Leverage the type hints to determine which arguments need to be fixed, and which are dynamic.

@fl.workflow
def my_new_workflow(greeting: str="hello", names: list[str]=["bob", "bill"]):

    fl.map(my_task, greeting=greeting, name=names, tolerance=0.5)

    # rename `map_task` to `apply`
    # tolerance is of type `float|int`
    # greeting and name are both **kwargs, and are either used as dynamic or static inputs depending on the type hints used at registration time

map could instead be a class class map: ... that has some methods (__init__, fix, run)

@fl.workflow
def my_new_workflow(greeting: str="hello", names: list[str]=["bob", "bill"]):

    fl.map(my_task, tolerance=0.5).fix(greeting=greeting).run(name=names)

Use a context manager

@fl.workflow
def my_new_workflow(greeting: str="hello", names: list[str]=["bob", "bill"]):

    with fl.map(my_task, tolerance=0.5) as mapper:
        mapper(greeting=greeting, name=names)

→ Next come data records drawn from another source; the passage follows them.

(* Let $G$ be a finitely presented group given by a presentation $P=\langle x_1,\ldots,x_n\mid u_1^{m_1},\ldots,u_r^{m_r}\rangle$ with $n,m_i\ge 1$, where each $u_i$ is an element of the free group $F_n$ on $x_1,\ldots,x_n$ that is not a proper power in $F_n$. Let $\varphi:F_n\to G$ be the canonical map, $R_G$ the finite residual of $G$, and $k_i$ the order of $\varphi(u_i)R_G$ in $G/R_G$. Then there exist finite index normal subgroups $H$ of $G$ such that the order of $\varphi(u_i)H$ in $G/H$ is $k_i$ for all $1\le i\le r$. Moreover, every such $H$ satisfies \[def(H)\ge 1+|G:H|\,(rdef(P)-1),\qquad\text{where } rdef(P)=n-\sum_{i=1}^r\frac1{k_i}.\]
   Context: The finite residual $R_G$ of $G$ is the intersection of all finite index subgroups of $G$. The deficiency of a finite presentation $\langle X\mid R\rangle$ is $|X|-|R|$, and $def(H)$ is the supremum of deficiencies over all finite presentations of $H$. The quantity $rdef(P)$ is the residual deficiency of the presentation $P$ (each $k_i$ is finite since $u_i^{m_i}$ is trivial in $G$). *)

theory Defs
  imports "HOL-Algebra.Algebra" "HOL-Library.Extended_Real"
begin

text \<open>Words in the generators: a letter (a, True) is the generator x_a,
  (a, False) is its inverse.\<close>

type_synonym fword = "(nat \<times> bool) list"

definition words :: "nat set \<Rightarrow> fword set" where
  "words Gen = {w. set w \<subseteq> Gen \<times> UNIV}"

inductive pres_rel :: "nat set \<Rightarrow> fword set \<Rightarrow> fword \<Rightarrow> fword \<Rightarrow> bool"
  for Gen :: "nat set" and R :: "fword set" where
  cancel: "\<lbrakk> u \<in> words Gen; v \<in> words Gen; a \<in> Gen \<rbrakk> \<Longrightarrow>
            pres_rel Gen R (u @ [(a, b), (a, \<not> b)] @ v) (u @ v)"
| relator: "\<lbrakk> u \<in> words Gen; v \<in> words Gen; r \<in> R \<rbrakk> \<Longrightarrow>
            pres_rel Gen R (u @ r @ v) (u @ v)"
| refl: "w \<in> words Gen \<Longrightarrow> pres_rel Gen R w w"
| sym: "pres_rel Gen R v w \<Longrightarrow> pres_rel Gen R w v"
| trans: "pres_rel Gen R u v \<Longrightarrow> pres_rel Gen R v w \<Longrightarrow> pres_rel Gen R u w"

definition pres_class :: "nat set \<Rightarrow> fword set \<Rightarrow> fword \<Rightarrow> fword set" where
  "pres_class Gen R w = {v. pres_rel Gen R w v}"

definition pres_group :: "nat set \<Rightarrow> fword set \<Rightarrow> fword set monoid" where
  "pres_group Gen R =
     \<lparr> carrier = pres_class Gen R ` words Gen,
       monoid.mult = (\<lambda>A B. {w. \<exists>a\<in>A. \<exists>b\<in>B. pres_rel Gen R (a @ b) w}),
       monoid.one = pres_class Gen R [] \<rparr>"

definition free_group :: "nat \<Rightarrow> fword set monoid" where
  "free_group n = pres_group {..<n} {}"

definition proper_power :: "('a, 'b) monoid_scheme \<Rightarrow> 'a \<Rightarrow> bool" where
  "proper_power F u \<longleftrightarrow> (\<exists>v\<in>carrier F. \<exists>k::nat. k \<ge> 2 \<and> u = v [^]\<^bsub>F\<^esub> k)"

text \<open>Deficiency of a group: supremum of |Gen| - |R| over all finite presentations
  (generators may be taken as x_0,...,x_(k-1) without loss of generality).\<close>

definition deficiency :: "('a, 'b) monoid_scheme \<Rightarrow> ereal" where
  "deficiency K = Sup {ereal (real k - real (card R)) | k R.
       finite R \<and> R \<subseteq> words {..<k} \<and> K \<cong> pres_group {..<k} R}"

definition finite_index :: "('a, 'b) monoid_scheme \<Rightarrow> 'a set \<Rightarrow> bool" where
  "finite_index G H \<longleftrightarrow> finite (rcosets\<^bsub>G\<^esub> H)"

definition group_index :: "('a, 'b) monoid_scheme \<Rightarrow> 'a set \<Rightarrow> nat" where
  "group_index G H = card (rcosets\<^bsub>G\<^esub> H)"

definition finite_residual :: "('a, 'b) monoid_scheme \<Rightarrow> 'a set" where
  "finite_residual G = \<Inter> {H. subgroup H G \<and> finite_index G H}"

text \<open>Order of the image g H of g in the quotient G / H (0 if infinite).\<close>

definition quot_ord :: "('a, 'b) monoid_scheme \<Rightarrow> 'a set \<Rightarrow> 'a \<Rightarrow> nat" where
  "quot_ord G H g = group.ord (G Mod H) (H #>\<^bsub>G\<^esub> g)"

definition pow_relators :: "nat \<Rightarrow> (nat \<Rightarrow> fword) \<Rightarrow> (nat \<Rightarrow> nat) \<Rightarrow> fword set" where
  "pow_relators r u m = {concat (replicate (m i) (u i)) | i. i < r}"

end

theory Submission
  imports Defs
begin

text \<open>
  Reidemeister--Schreier: a normal subgroup \<open>H\<close> of index \<open>j\<close> in \<open>G = <x_1, ..., x_n | u_i^m_i>\<close>
  is presented on the \<open>j n\<close> Schreier generators (one per coset and letter) by \<open>j - 1\<close> relators
  killing the edges of a spanning tree of the Schreier graph, together with the lifts of every
  relator at every coset. The lifts of \<open>u_i^m_i\<close> at the cosets of one orbit of \<open>u_i H\<close> are
  conjugate, and these orbits have \<open>k_i\<close> elements, so \<open>j / k_i\<close> lifted relators suffice for each
  \<open>i\<close>; hence \<open>def H \<ge> j n - (j - 1) - \<Sum>_i j / k_i\<close>.

  For existence, each \<open>u_i\<close> has finite order \<open>k_i\<close> modulo the finite residual, so for
  \<open>0 < d < k_i\<close> some finite index subgroup misses \<open>u_i^d\<close>; the normal core of these finitely
  many subgroups has finite index and realises all the orders \<open>k_i\<close>.
\<close>

section \<open>Words and presented groups\<close>

lemma words_Nil [simp]: "[] \<in> words Gen"
  by (simp add: words_def)
lemma regular_k_suffix_testable_per_length_bool_comb:
  fixes L :: "'a::finite list set"
  assumes "regular_lang L" and "k_suffix_testable_per_length k L"
  shows "L \<in> bool_comb suffix_or_length_langs"
proof -
  have empty: "{} \<in> bool_comb suffix_or_length_langs"
    by (rule bool_comb.base) (simp add: suffix_testable_def k_suffix_testable_def)
  have suffix: "{w. suffix s w} \<in> bool_comb suffix_or_length_langs" for s :: "'a list"
    by (rule bool_comb.base) (simp add: suffix_testable_suffix)
  have "finite {u :: 'a list. length u \<le> k}"
    using finite_lists_length_le[OF finite_UNIV, of k] by simp
  then have "finite {u \<in> L. length u < k}"
    by (rule rev_finite_subset) auto
  then have "(\<Union>u\<in>{u \<in> L. length u < k}. {w. suffix u w} \<inter> {w. length w = length u})
      \<in> bool_comb suffix_or_length_langs"
    by (intro bool_comb_UN empty bool_comb.inter suffix bool_comb.base)
      (simp_all add: regular_lang_length_eq length_lang_length_eq)
  moreover have "finite {s :: 'a list. length s = k}"
    using finite_lists_length_eq[OF finite_UNIV, of k] by simp
  \<comment> \<open>any padding letter will do\<close>
  then have "(\<Union>s\<in>{s. length s = k}. {w. suffix s w} \<inter>
        {w. k \<le> length w \<and> replicate (length w - k) undefined @ s \<in> L})
      \<in> bool_comb suffix_or_length_langs"
    by (intro bool_comb_UN empty bool_comb.inter suffix bool_comb.base)
      (simp_all add: regular_lang_padded_suffix[OF assms(1)] length_lang_padded_suffix)
  ultimately show ?thesis
    by (subst k_suffix_testable_per_length_decomposition[OF assms(2)]) (rule bool_comb.union)
qed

The downside of option 1 is that there are reserved argument names to map (tolerance, concurrency) which means that the task cannot have arguments of the same name.

2 and 3 are a little bit strange.

wild-endeavor · 2025-01-09T19:38:26Z

@cosmicBboy you mentioned maybe max_concurrency? @granthamtaylor what do you think?

also @granthamtaylor can we move your bullet to a separate issue? (i can copy it.) wanted to keep these tickets to the ones where there was pretty much unanimous support.

cosmicBboy · 2025-01-09T20:41:24Z

Hmm, I don't think any of the alternative invocation syntaxes make it easier for DS users to learn, except maybe for (1).

(1) Leverage the type hints to determine which arguments need to be fixed, and which are dynamic

I think we'll find many annoying edgecases here, e.g. support for mapping over two lists of elements of matching length

(2) feels really DSL-y... not a bad thing, but I might as well learn the more generalizable Pythonic syntax for this

(3) seems like an inappropriate use of context managers.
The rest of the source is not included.